Damn. I am really sorry you are in this situation.

I have weathered some shit. Including more than a decade of abuse, which ended only when I realized I was large enough to physically stop it. Locked in dark places, beaten with things that broke over me (including boards), head put through drywall, burned with cigarettes. Add the nonphysical yelling, belittling, mocking, etc.

Apparently I am the "hunker down and endure it" type. I really do believe I exist for a reason, and ending it for me feels like quitting short of the finish line. I've known 2 people who committed suicide, but neither of them shared their struggles with anyone.

But you're posting and people who know you are responding and want to help. Hang in there, man. You got this. Just get through today. How can we help?
 
I really am sorry everybody. I dont know if this was the right thing to do. The pain and nausea make it hard to think. If this is totally fucked up of me then please disregard.

I dont want to put myself in front of anyone else as I know everyone is hurting. Ahhhh!
you realize how many ppl care about you man, i'm glad that you're reconsidering it. Think it through man.
 
Holy shit I opened this thinking you were just quitting as a mod or something... this got dark quick...

Mate if this is about money for medicine we will help. If someone can set up a page where the details of the contributors is kept anon I will donate.

And if it's MMJ you need, can't you hit the streets for cheaper prices than the medical market? Not sure how things are in the US but I imagine the legal stuff is taxed and I know medical care in the US ain't cheap.

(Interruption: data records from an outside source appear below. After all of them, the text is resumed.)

lemma orbit_geometric_bound:
  assumes "n < m"
  shows "p ((T ^^ n) x0) ((T ^^ m) x0) \<le> orbit_bound n"
proof -
  define a where "a = p x0 (T x0)"
  define C where "C = a / (1 - lam)"
  have a: "a = C * (1 - lam)" unfolding C_def using lam_less_1 by simp
  have partial: "p ((T ^^ n) x0) ((T ^^ (n + Suc k)) x0) \<le> lam ^ n * C * (1 - lam ^ Suc k)" for k
  proof (induction k)
    case 0
    have "p ((T ^^ n) x0) ((T ^^ Suc n) x0) \<le> lam ^ n * a"
      using orbit_step_bound unfolding a_def .
    also have "\<dots> = lam ^ n * C * (1 - lam ^ Suc 0)" unfolding a by simp
    finally show ?case by simp
  next
    case (Suc k)
    have "p ((T ^^ n) x0) ((T ^^ (n + Suc (Suc k))) x0)
        \<le> p ((T ^^ n) x0) ((T ^^ (n + Suc k)) x0) + p ((T ^^ (n + Suc k)) x0) ((T ^^ Suc (n + Suc k)) x0)"
      using p_triangle by simp
    also have "\<dots> \<le> lam ^ n * C * (1 - lam ^ Suc k) + lam ^ (n + Suc k) * a"
      using Suc orbit_step_bound[of "n + Suc k"] unfolding a_def by linarith
    also have "\<dots> = lam ^ n * C * (1 - lam ^ Suc (Suc k))"
      unfolding a by (simp add: algebra_simps power_add)
    finally show ?case .
  qed
  have "0 \<le> C" unfolding C_def a_def using p_nonneg lam_less_1 by simp
  then have "lam ^ n * C * (1 - lam ^ Suc (m - n - 1)) \<le> lam ^ n * C"
    using lam_nonneg by (simp add: mult_left_le)
  with partial[of "m - n - 1"] assms show ?thesis
    unfolding orbit_bound_def C_def a_def by simp
qed

lemma orbit_Cauchy: "Cauchy (\<lambda>n. (T ^^ n) x0)"
  using w_distance_Cauchy[OF w_distance orbit_geometric_bound orbit_bound_tendsto_0] .

lemma orbit_limit_fixed_if_R_continuous:
  assumes "R_continuous R T" "(\<lambda>n. (T ^^ n) x0) \<longlonglongrightarrow> u"
  shows "T u = u"
proof -
  have "(\<lambda>n. T ((T ^^ n) x0)) \<longlonglongrightarrow> T u"
    using assms orbit_R_preserving unfolding R_continuous_def by blast
  moreover have "(\<lambda>n. T ((T ^^ n) x0)) \<longlonglongrightarrow> u"
    using LIMSEQ_Suc[OF assms(2)] by simp
  ultimately show ?thesis using LIMSEQ_unique by blast
qed

lemma orbit_to_limit_bound:
  assumes "(\<lambda>n. (T ^^ n) x0) \<longlonglongrightarrow> u"
  shows "p ((T ^^ n) x0) u \<le> orbit_bound n"
proof (rule R_lsc_le[OF _ orbit_R_preserving assms])
  show "R_lsc R (p ((T ^^ n) x0)) u"
    using w_distance unfolding w_distance_def by blast
  show "\<forall>\<^sub>F m in sequentially. p ((T ^^ n) x0) ((T ^^ m) x0) \<le> orbit_bound n"
    unfolding eventually_sequentially using orbit_geometric_bound by (intro exI[of _ "Suc n"]) auto
qed

text \<open>
  At the indices where the orbit is R-related to the limit u, the contraction carries the
  bound on p(T^n x0, u) over to p(T^(n+1) x0, T u); so T u and u are both p-close to the
  same iterate.
\<close>
lemma orbit_limit_fixed_if_self_closed:
  assumes "d_self_closed (restrict_rel R Y)" "\<And>n. (T ^^ n) x0 \<in> Y"
    and lim: "(\<lambda>n. (T ^^ n) x0) \<longlonglongrightarrow> u"
  shows "T u = u"
proof (rule w_distance_eqI[OF w_distance])
  have "R_preserving (restrict_rel R Y) (\<lambda>n. (T ^^ n) x0)"
    using orbit_related assms(2) unfolding R_preserving_def restrict_rel_def by blast
  then obtain r :: "nat \<Rightarrow> nat" where "strict_mono r" and r: "\<And>k. ((T ^^ r k) x0, u) \<in> R"
    using assms(1) lim unfolding d_self_closed_def restrict_rel_def by blast
  fix \<delta> :: real assume "\<delta> > 0"
  then obtain N where N: "\<And>n. n \<ge> N \<Longrightarrow> orbit_bound n \<le> \<delta>"
    using order_tendstoD(2)[OF orbit_bound_tendsto_0] eventually_sequentially
    by (metis less_imp_le)
  define n where "n = r N"
  have "N \<le> n" unfolding n_def using seq_suble[OF \<open>strict_mono r\<close>] by simp
  have "p ((T ^^ Suc n) x0) (T u) \<le> lam * p ((T ^^ n) x0) u"
    using contraction[OF r[of N]] unfolding n_def by simp
  also have "\<dots> \<le> lam * orbit_bound n"
    using orbit_to_limit_bound[OF lim] lam_nonneg by (intro mult_left_mono)
  also have "\<dots> \<le> \<delta>" using N[of "Suc n"] \<open>N \<le> n\<close> orbit_bound_Suc by simp
  finally have "p ((T ^^ Suc n) x0) (T u) \<le> \<delta>" .
  moreover have "p ((T ^^ Suc n) x0) u \<le> \<delta>"
    using orbit_to_limit_bound[OF lim, of "Suc n"] N[of "Suc n"] \<open>N \<le> n\<close> by simp
  ultimately show "\<exists>z. p z (T u) \<le> \<delta> \<and> p z u \<le> \<delta>" by blast
qed
lemma sigma_mSL_at:
  assumes l: "sigma l - csc c \<in> JH br k"
  shows "sigma (mSL_at (Santi k) y l) - psc c (sigma (mSL_at (Santi k) y 1)) \<in> JH br k"
proof (induction y rule: poly_mapping_induct)
  case zero then show ?case by (simp add: mSL_at_Santi_def sigma_zero ideal_zero[OF is_ideal_JH])
next
  case (add a b)
  then show ?case
    by (simp add: mSL_at_Santi_def linT_add sigma_add psc_add_right ideal_cong_add[OF is_ideal_JH])
next
  case (single p d)
  define A where "A = Santi k (mono (fst p))"
  define B where "B = (mono (snd p) :: ('a, 'b) tens)"
  have s1: "sigma (A * l * B) - sigma (A * l) * sigma B \<in> JH br k" by (rule sigma_mult_JH)
  have s2: "sigma (A * l) * sigma B - sigma A * sigma l * sigma B \<in> JH br k"
    by (rule ideal_cong_mult[OF is_ideal_JH sigma_mult_JH ideal_cong_refl[OF is_ideal_JH]])
  have s3: "sigma A * sigma l * sigma B - sigma A * csc c * sigma B \<in> JH br k"
    by (rule ideal_cong_mult_both[OF is_ideal_JH l])
  have e: "sigma A * csc c * sigma B = psc c (sigma A * sigma B)"
    by (simp add: psc_one_eq_csc[symmetric] psc_mult_right[symmetric] psc_mult_left[symmetric])
  have s4: "psc c (sigma A * sigma B) - psc c (sigma (A * B)) \<in> JH br k"
    by (rule ideal_cong_psc[OF is_ideal_JH ideal_cong_sym[OF is_ideal_JH sigma_mult_JH]])
  have X: "sigma (A * l * B) - psc c (sigma (A * B)) \<in> JH br k"
    using ideal_cong_trans[OF is_ideal_JH s1 ideal_cong_trans[OF is_ideal_JH s2 ideal_cong_trans[OF is_ideal_JH s3 s4[folded e]]]] .
  have "sigma (mSL_at (Santi k) (Poly_Mapping.single p d) l) - psc c (sigma (mSL_at (Santi k) (Poly_Mapping.single p d) 1))
      = psc d (sigma (A * l * B) - psc c (sigma (A * B)))"
    by (simp add: mSL_at_Santi_def linT_single A_def B_def sigma_psc psc_psc psc_diff_right mult.commute)
  then show ?case using ideal_psc[OF is_ideal_JH X] by simp
qed

lemma mSL_Santi_one: "mSL (Santi k) 1 = 1"
  using mSL_Santi_tns[where k = k and a = 1 and b = 1] by (simp add: tns_one Santi_one)
lemma mSR_Santi_one: "mSR (Santi k) 1 = 1"
  using mSR_Santi_tns[where k = k and a = 1 and b = 1] by (simp add: tns_one Santi_one)

lemma csc_Eps_Santi_mult: "csc (Eps (Santi k (a * b))) = psc (Eps (Santi k a)) (csc (Eps (Santi k b)) :: 'm::monoid_add \<Rightarrow>\<^sub>0 'k::field)"
  by (simp add: Santi_mult Eps_mult csc_def psc_single mult.commute)
lemma csc_Eps_Santi_mult': "csc (Eps (Santi k (a * b))) = psc (Eps (Santi k b)) (csc (Eps (Santi k a)) :: 'm::monoid_add \<Rightarrow>\<^sub>0 'k::field)"
  by (simp add: Santi_mult Eps_mult csc_def psc_single)

lemma antipode_left_k1:
  assumes k1: "k = 1"
  shows "mSL (Santi k) (Delta k a) - csc (Eps (Santi k a)) \<in> JH br k"
proof (induction a rule: tens_induct)
  case zero then show ?case
    by (simp add: Delta_zero Santi_zero Eps_zero csc_zero mSL_alt[OF Santi_add Santi_psc] ideal_zero[OF is_ideal_JH])
next
  case (add a b) then show ?case
    by (simp add: Delta_add Santi_add Eps_add csc_add mSL_Santi_add ideal_cong_add[OF is_ideal_JH])
next
  case (psc c a) then show ?case
    by (simp add: Delta_psc Santi_psc Eps_psc csc_mult mSL_Santi_psc ideal_cong_psc[OF is_ideal_JH])
next
  case one then show ?case
    by (simp add: Delta_one Santi_one Eps_one csc_one mSL_Santi_one ideal_zero[OF is_ideal_JH])
next
  case (gen v m)
  define cv where "cv = Eps (Santi k (gen v))"
  define cm where "cm = Eps (Santi k m)"
  have h1: "mSL_at (Santi k) (Delta k m) (mSL (Santi k) (Delta k (gen v))) - psc cv (mSL (Santi k) (Delta k m)) \<in> JH br k"
    using mSL_at_Santi_cong[OF is_ideal_JH antipode_left_gen_k1[OF k1]] unfolding cv_def by (simp add: mSL_at_Santi_csc)
  have h2: "psc cv (mSL (Santi k) (Delta k m)) - psc cv (csc cm) \<in> JH br k"
    using ideal_cong_psc[OF is_ideal_JH gen] unfolding cm_def .
  have e1: "mSL (Santi k) (Delta k (gen v * m)) = mSL_at (Santi k) (Delta k m) (mSL (Santi k) (Delta k (gen v)))"
    by (simp add: Delta_mult mSL_Santi_mult)
  show ?case unfolding e1 csc_Eps_Santi_mult using ideal_cong_trans[OF is_ideal_JH h1 h2] unfolding cv_def cm_def .
qed

lemma antipode_left_sigma:
  assumes k: "k \<noteq> 0"
  shows "sigma (mSL (Santi k) (Delta k a)) - csc (Eps (Santi k a)) \<in> JH br k"
proof (induction a rule: tens_induct)
  case zero then show ?case
    by (simp add: Delta_zero Santi_zero Eps_zero csc_zero sigma_zero mSL_alt[OF Santi_add Santi_psc] ideal_zero[OF is_ideal_JH])
next
  case (add a b) then show ?case
    by (simp add: Delta_add Santi_add Eps_add csc_add sigma_add mSL_Santi_add ideal_cong_add[OF is_ideal_JH])
next
  case (psc c a) then show ?case
    by (simp add: Delta_psc Santi_psc Eps_psc csc_mult sigma_psc mSL_Santi_psc ideal_cong_psc[OF is_ideal_JH])
next
  case one then show ?case
    by (simp add: Delta_one Santi_one Eps_one csc_one sigma_one mSL_Santi_one ideal_zero[OF is_ideal_JH])
next
  case (gen v m)
  define cv where "cv = Eps (Santi k (gen v))"
  define cm where "cm = Eps (Santi k m)"
  have h1: "sigma (mSL_at (Santi k) (Delta k m) (mSL (Santi k) (Delta k (gen v))))
      - psc cv (sigma (mSL (Santi k) (Delta k m))) \<in> JH br k"
    using sigma_mSL_at[OF antipode_left_sigma_gen[OF k, of v br], where y="Delta k m"] unfolding cv_def by (simp add: mSL_at_Santi_one)
  have h2: "psc cv (sigma (mSL (Santi k) (Delta k m))) - psc cv (csc cm) \<in> JH br k"
    using ideal_cong_psc[OF is_ideal_JH gen] unfolding cm_def .
  have e1: "sigma (mSL (Santi k) (Delta k (gen v * m))) = sigma (mSL_at (Santi k) (Delta k m) (mSL (Santi k) (Delta k (gen v))))"
    by (simp add: Delta_mult mSL_Santi_mult)
  show ?case unfolding e1 csc_Eps_Santi_mult using ideal_cong_trans[OF is_ideal_JH h1 h2] unfolding cv_def cm_def .
qed

lemma antipode_right:
  assumes k: "k \<noteq> 0"
  shows "mSR (Santi k) (Delta k a) - csc (Eps (Santi k a)) \<in> JH br k"
proof (induction a rule: tens_induct)
  case zero then show ?case
    by (simp add: Delta_zero Santi_zero Eps_zero csc_zero mSR_alt[OF Santi_add Santi_psc] ideal_zero[OF is_ideal_JH])
next
  case (add a b) then show ?case
    by (simp add: Delta_add Santi_add Eps_add csc_add mSR_Santi_add ideal_cong_add[OF is_ideal_JH])
next
  case (psc c a) then show ?case
    by (simp add: Delta_psc Santi_psc Eps_psc csc_mult mSR_Santi_psc ideal_cong_psc[OF is_ideal_JH])
next
  case one then show ?case
    by (simp add: Delta_one Santi_one Eps_one csc_one mSR_Santi_one ideal_zero[OF is_ideal_JH])
next
  case (gen v m)
  define cv where "cv = Eps (Santi k (gen v))"
  define cm where "cm = Eps (Santi k m)"
  have h1: "mSR_at (Santi k) (Delta k (gen v)) (mSR (Santi k) (Delta k m)) - psc cm (mSR (Santi k) (Delta k (gen v))) \<in> JH br k"
    using mSR_at_Santi_cong[OF is_ideal_JH gen] unfolding cm_def by (simp add: mSR_at_Santi_csc)
  have h2: "psc cm (mSR (Santi k) (Delta k (gen v))) - psc cm (csc cv) \<in> JH br k"
    using ideal_cong_psc[OF is_ideal_JH antipode_right_gen[OF k]] unfolding cv_def .
  have e1: "mSR (Santi k) (Delta k (gen v * m)) = mSR_at (Santi k) (Delta k (gen v)) (mSR (Santi k) (Delta k m))"
    by (simp add: Delta_mult mSR_Santi_mult)
  show ?case unfolding e1 csc_Eps_Santi_mult' using ideal_cong_trans[OF is_ideal_JH h1 h2] unfolding cv_def cm_def .
qed

lemma bialgebra_on_JH:
  assumes k: "k \<noteq> 0"
  shows "bialgebra_on (JH br k) (Delta k) Eps"
  unfolding bialgebra_on_def
proof (intro conjI ballI allI)
  fix a assume "a \<in> JH br k"
  then show "Delta k a \<in> J2 (JH br k)" by (rule Delta_JH[OF k])
next
  fix a assume "a \<in> JH br k"
  then show "Eps a = 0" by (rule Eps_JH)
next
  fix a show "DL (Delta k) (Delta k a) - DR (Delta k) (Delta k a) \<in> J3 (JH br k)" by (rule Delta_coassoc[OF k])
next
  fix a show "EL Eps (Delta k a) - a \<in> JH br k" using Delta_counit[of k a] by (simp add: ideal_zero[OF is_ideal_JH])
next
  fix a show "ER Eps (Delta k a) - a \<in> JH br k" using Delta_counit[of k a] by (simp add: ideal_zero[OF is_ideal_JH])
qed (simp_all add: Delta_add Delta_psc Delta_mult Delta_one Eps_add Eps_psc Eps_mult Eps_one
      ideal_zero[OF is_ideal_J2])

lemma linear_on_Santi:
  assumes k: "k \<noteq> 0"
  shows "linear_on (JH br k) (Santi k)"
  unfolding linear_on_def
  using Santi_JH[OF k, of _ br] by (simp add: Santi_add Santi_psc ideal_zero[OF is_ideal_JH])

lemma alg_hom_on_sigma: "alg_hom_on (JH br k) sigma"
  unfolding alg_hom_on_def linear_on_def
  using sigma_JH[of _ br k] sigma_mult_JH[of _ _ br k] by (simp add: sigma_add sigma_psc sigma_one ideal_zero[OF is_ideal_JH])

theorem proposition6p1:
  fixes br :: "('x \<Rightarrow>\<^sub>0 'k::field) \<Rightarrow> ('x \<Rightarrow>\<^sub>0 'k) \<Rightarrow> ('x \<Rightarrow>\<^sub>0 'k)"
    and k :: 'k
  assumes "right_leibniz br"
  shows "(k = 1 \<longrightarrow> hopf_like1 (JH br k) (Delta k) Eps (Santi k))
       \<and> (k \<noteq> 0 \<longrightarrow> hopf_like2 (JH br k) (Delta k) Eps sigma (Santi k))"
proof (intro conjI impI)
  assume k1: "k = 1"
  then have k: "k \<noteq> 0" by simp
  show "hopf_like1 (JH br k) (Delta k) Eps (Santi k)"
    unfolding hopf_like1_def
    using bialgebra_on_JH[OF k] linear_on_Santi[OF k] antipode_left_k1[OF k1] antipode_right[OF k]
    by blast
next
  assume k: "k \<noteq> 0"
  show "hopf_like2 (JH br k) (Delta k) Eps sigma (Santi k)"
    unfolding hopf_like2_def
    using bialgebra_on_JH[OF k] linear_on_Santi[OF k] alg_hom_on_sigma antipode_left_sigma[OF k]
      antipode_right[OF k]
    by blast
qed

Finally I will just say that I attempted suicide for real, like actually not just some cry for help shit, and I am currently very happy I failed. I know this is cliche as fuck but seriously: temporary problems don't need a permanent solution. Chronic pain may be permanent but lack of funds for your medicine is not. My conditions are gonna be with me forever too, I just found better ways to cope, adapt, and embrace.
Like you Wilson, I've attempted suicide on 3 separate ocassions years ago. Did so much damage to myself, collapsed a lung cause i jumped from a 3 story window, impailed myself on a metal fence and had internal bleeding that i had to have an emergency operation.My whole fucking family was dissapointed of me but more sad because i tried to do that. Thank god I'm still alive bro, there's a mission for me out there and i haven't figured out what it is yet but I'm getting there. I'm sure Kief has got a mission in this life too and it's not his time yet.